EXERCISE:
The required output is the exact run of lines below that opens at the line with "(\<Sum>i=0..N. a i" and closes at the line with "(1::real) - 1)".

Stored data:
(* For every integer $n\geq 1$, $$\sum_{k=1}^{n-1}B_{2k}\bar B_{2n-2k}=\frac{1}{n+1}\sum_{k=1}^{n}B_{2k}B_{2n-2k}\,\frac{1-2^{2k-1}}{2^{2n-1}}\binom{2n+2}{2k+2}+(2n-1)\frac{B_{2n}}{2^{2n}}.$$
   Context: $B_n$ denotes the Bernoulli numbers, defined by $\frac{x}{e^x-1}=\sum_{n\ge 0}B_n\frac{x^n}{n!}$ (so $B_0=1$). $\bar B_n:=\frac{1-2^{n-1}}{2^{n-1}}B_n$. An empty sum equals $0$. *)

theory Defs
  imports "HOL-Computational_Algebra.Formal_Power_Series"
begin

text \<open>Division of formal power series (fps_X has subdegree 1, fps_exp 1 - 1 has subdegree 1)
  gives exactly the power series of x/(e^x-1).\<close>

definition bernoulli_fps :: "real fps" where
  "bernoulli_fps = fps_X / (fps_exp 1 - 1)"

definition bernoulli :: "nat \<Rightarrow> real" where
  "bernoulli n = fact n * fps_nth bernoulli_fps n"

definition bernoulli_bar :: "nat \<Rightarrow> real" where
  "bernoulli_bar n = (1 - 2 ^ n / 2) / (2 ^ n / 2) * bernoulli n"

end

(*
  Write F_u = scaled_egf bernoulli u and G_u = scaled_egf bernoulli_bar u, i.e. the power series
  u x / (e^(u x) - 1) and u x e^(u x / 2) / (e^(u x) - 1) in x.  Clearing denominators gives, for
  u different from 0 and 1,
    F_u G_(1-u) + G_u F_(1-u) = 2 F_(1/2) ((1 - u) G_u + u G_(1-u)).
  The coefficient of x^N on either side is a polynomial in u; integrating it over [0, 1] with the
  Beta integral  int u^p (1 - u)^q du = p! q! / (p + q + 1)!  yields the convolution identity
    sum_i B_i Bbar_(N-i) = 2 / (N + 2) * sum_i binom(N+2, i+2) 2^(i-N) Bbar_i B_(N-i).
  As G_u is even in u, Bbar_n vanishes for odd n; for N = 2n only even indices survive, and
  splitting off the terms with index 0 and 2n gives the theorem.
*)

theory Submission
  imports Defs "HOL-Analysis.Gamma_Function"
begin

definition scaled_egf :: "(nat \<Rightarrow> real) \<Rightarrow> real \<Rightarrow> real fps" where
  "scaled_egf a c = Abs_fps (\<lambda>n. a n * c ^ n / fact n)"

lemma scaled_egf_nth [simp]: "fps_nth (scaled_egf a c) n = a n * c ^ n / fact n"
  by (simp add: scaled_egf_def)

lemma scaled_egf_eq_compose: "scaled_egf a c = scaled_egf a 1 oo (fps_const c * fps_X)"
  by (simp add: fps_compose_linear fps_eq_iff)

lemma scaled_egf_mult_nth:
  "fps_nth (scaled_egf a c * scaled_egf b d) N =
     (\<Sum>i=0..N. a i * b (N - i) / (fact i * fact (N - i)) * (c ^ i * d ^ (N - i)))"
  by (simp add: fps_mult_nth mult_ac)

lemma bernoulli_fps_eq_scaled_egf: "bernoulli_fps = scaled_egf bernoulli 1"
  by (simp add: fps_eq_iff bernoulli_def)

lemma fps_exp_minus_1_neq_0: "(c::real) \<noteq> 0 \<Longrightarrow> fps_exp c - 1 \<noteq> 0"
  by (metis fps_exp_eq_1_iff right_minus_eq)

lemma bernoulli_fps_mult_exp_minus_1: "bernoulli_fps * (fps_exp 1 - 1) = fps_X"
  unfolding bernoulli_fps_def
proof (rule fps_times_divide_eq)
  show "fps_exp (1::real) - 1 \<noteq> 0"
    by (simp add: fps_exp_minus_1_neq_0)
  show "subdegree (fps_exp (1::real) - 1) \<le> subdegree (fps_X :: real fps)"
    by (rule subdegree_leI) simp
qed

lemma scaled_egf_bernoulli_mult_exp_minus_1:
  "scaled_egf bernoulli c * (fps_exp c - 1) = fps_const c * fps_X"
proof -
  have "(bernoulli_fps * (fps_exp 1 - 1)) oo (fps_const c * fps_X) = fps_X oo (fps_const c * fps_X)"
    by (simp only: bernoulli_fps_mult_exp_minus_1)
  then show ?thesis
    by (simp add: fps_compose_mult_distrib fps_compose_sub_distrib bernoulli_fps_eq_scaled_egf
        flip: scaled_egf_eq_compose)
qed

lemma bernoulli_bar_eq: "bernoulli_bar n = (2 / 2 ^ n - 1) * bernoulli n"
  unfolding bernoulli_bar_def by (simp add: field_simps)

lemma scaled_egf_bernoulli_bar:
  "scaled_egf bernoulli_bar c = fps_const 2 * scaled_egf bernoulli (c / 2) - scaled_egf bernoulli c"
  by (rule fps_ext) (simp add: bernoulli_bar_eq field_simps power_divide)

lemma fps_exp_half_square: "fps_exp (c::real) = fps_exp (c / 2) * fps_exp (c / 2)"
  by (simp flip: fps_exp_add_mult)

lemma scaled_egf_bernoulli_bar_mult_exp_minus_1:
  "scaled_egf bernoulli_bar c * (fps_exp c - 1) = fps_const c * fps_X * fps_exp (c / 2)"
proof -
  have "scaled_egf bernoulli_bar c * (fps_exp c - 1)
      = fps_const 2 * (scaled_egf bernoulli (c / 2) * (fps_exp (c / 2) - 1)) * (fps_exp (c / 2) + 1)
        - scaled_egf bernoulli c * (fps_exp c - 1)"
    unfolding scaled_egf_bernoulli_bar fps_exp_half_square[of c] by (simp add: algebra_simps)
  also have "\<dots> = fps_const c * fps_X * (fps_exp (c / 2) + 1) - fps_const c * fps_X"
    by (simp add: scaled_egf_bernoulli_mult_exp_minus_1 mult.assoc flip: mult.assoc[of "fps_const 2"])
  also have "\<dots> = fps_const c * fps_X * fps_exp (c / 2)"
    by (simp add: algebra_simps)
  finally show ?thesis .
qed

lemma scaled_egf_bernoulli_bar_minus_1: "scaled_egf bernoulli_bar (-1) = scaled_egf bernoulli_bar 1"
proof -
  have "fps_exp (1/2) * fps_exp (-1/2) = (1 :: real fps)"
    by (simp flip: fps_exp_add_mult)
  then have "scaled_egf bernoulli_bar (-1) * (fps_exp 1 - 1) = scaled_egf bernoulli_bar 1 * (fps_exp 1 - 1)"
    using scaled_egf_bernoulli_bar_mult_exp_minus_1[of 1] scaled_egf_bernoulli_bar_mult_exp_minus_1[of "-1"]
      fps_exp_half_square[of 1] fps_exp_half_square[of "-1"]
    by (simp add: fps_const_neg[symmetric]) algebra
  then show ?thesis
    using fps_exp_minus_1_neq_0[of 1] by simp
qed

lemma bernoulli_bar_odd:
  assumes "odd n"
  shows "bernoulli_bar n = 0"
proof -
  have "fps_nth (scaled_egf bernoulli_bar (-1)) n = fps_nth (scaled_egf bernoulli_bar 1) n"
    by (simp only: scaled_egf_bernoulli_bar_minus_1)
  with assms show ?thesis
    by simp
qed

lemma bernoulli_0: "bernoulli 0 = 1"
proof -
  have "fps_nth (bernoulli_fps * (fps_exp 1 - 1)) 1 = 1"
    by (simp add: bernoulli_fps_mult_exp_minus_1)
  then show ?thesis
    by (simp add: fps_mult_nth bernoulli_def)
qed

lemma bernoulli_bar_0: "bernoulli_bar 0 = 1"
  by (simp add: bernoulli_bar_eq bernoulli_0)

lemma scaled_egf_bernoulli_product_identity:
  assumes "u \<noteq> 0" "u \<noteq> 1"
  shows "scaled_egf bernoulli u * scaled_egf bernoulli_bar (1 - u)
           + scaled_egf bernoulli_bar u * scaled_egf bernoulli (1 - u)
         = fps_const (2 * (1 - u)) * (scaled_egf bernoulli_bar u * scaled_egf bernoulli (1/2))
           + fps_const (2 * u) * (scaled_egf bernoulli_bar (1 - u) * scaled_egf bernoulli (1/2))"
proof -
  define a where "a = fps_exp (u / 2)"
  define b where "b = fps_exp ((1 - u) / 2)"
  have "fps_exp (1/2) = a * b"
    unfolding a_def b_def by (simp add: add_divide_distrib[symmetric] flip: fps_exp_add_mult)
  moreover have "fps_const (2 * (1 - u)) = fps_const 2 * fps_const (1 - u)"
    "fps_const (2 * u) = fps_const 2 * fps_const u" "fps_const 2 * fps_const (1/2) = (1 :: real fps)"
    by simp_all
  moreover have "fps_const (1 - u) = 1 - fps_const u"
    by (simp flip: fps_const_1_eq_1)
  ultimately have "(scaled_egf bernoulli u * scaled_egf bernoulli_bar (1 - u)
           + scaled_egf bernoulli_bar u * scaled_egf bernoulli (1 - u))
           * ((fps_exp u - 1) * (fps_exp (1 - u) - 1) * (fps_exp (1/2) - 1))
         = (fps_const (2 * (1 - u)) * (scaled_egf bernoulli_bar u * scaled_egf bernoulli (1/2))
           + fps_const (2 * u) * (scaled_egf bernoulli_bar (1 - u) * scaled_egf bernoulli (1/2)))
           * ((fps_exp u - 1) * (fps_exp (1 - u) - 1) * (fps_exp (1/2) - 1))"
    using scaled_egf_bernoulli_mult_exp_minus_1[of u] scaled_egf_bernoulli_mult_exp_minus_1[of "1 - u"]
      scaled_egf_bernoulli_mult_exp_minus_1[of "1/2"]
      scaled_egf_bernoulli_bar_mult_exp_minus_1[of u, folded a_def]
      scaled_egf_bernoulli_bar_mult_exp_minus_1[of "1 - u", folded b_def]
      fps_exp_half_square[of u, folded a_def] fps_exp_half_square[of "1 - u", folded b_def]
    by algebra
  moreover have "(fps_exp u - 1) * (fps_exp (1 - u) - 1) * (fps_exp (1/2) - 1) \<noteq> (0 :: real fps)"
    using assms by (simp add: fps_exp_minus_1_neq_0)
  ultimately show ?thesis
    by (metis mult_right_cancel)
qed

lemma has_integral_power_mult_one_minus_power:
  "((\<lambda>u::real. u ^ p * (1 - u) ^ q) has_integral fact p * fact q / fact (p + q + 1)) {0..1}"
proof -
  have beta: "((\<lambda>u. u powr (1 + real p - 1) * (1 - u) powr (1 + real q - 1))
                 has_integral Beta (1 + real p) (1 + real q)) {0..1}"
    by (rule has_integral_Beta_real) auto
  have "(1 + real p) + (1 + real q) = 1 + real (p + q + 1)"
    by simp
  then have Beta_fact: "Beta (1 + real p) (1 + real q) = fact p * fact q / fact (p + q + 1)"
    unfolding Beta_def by (simp only: Gamma_fact)
  show ?thesis
  proof (rule has_integral_spike_finite[OF _ _ beta[unfolded Beta_fact]])
    show "u ^ p * (1 - u) ^ q = u powr (1 + real p - 1) * (1 - u) powr (1 + real q - 1)"
      if "u \<in> {0..1} - {0, 1}" for u
      using that by (simp add: powr_realpow)
  qed simp
qed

EXERCISE RESULT:
     (\<Sum>i=0..N. a i * b (N - i) / (fact i * fact (N - i)) * (c ^ i * d ^ (N - i)))"
  by (simp add: fps_mult_nth mult_ac)

lemma bernoulli_fps_eq_scaled_egf: "bernoulli_fps = scaled_egf bernoulli 1"
  by (simp add: fps_eq_iff bernoulli_def)

lemma fps_exp_minus_1_neq_0: "(c::real) \<noteq> 0 \<Longrightarrow> fps_exp c - 1 \<noteq> 0"
  by (metis fps_exp_eq_1_iff right_minus_eq)

lemma bernoulli_fps_mult_exp_minus_1: "bernoulli_fps * (fps_exp 1 - 1) = fps_X"
  unfolding bernoulli_fps_def
proof (rule fps_times_divide_eq)
  show "fps_exp (1::real) - 1 \<noteq> 0"
    by (simp add: fps_exp_minus_1_neq_0)
  show "subdegree (fps_exp (1::real) - 1) \<le> subdegree (fps_X :: real fps)"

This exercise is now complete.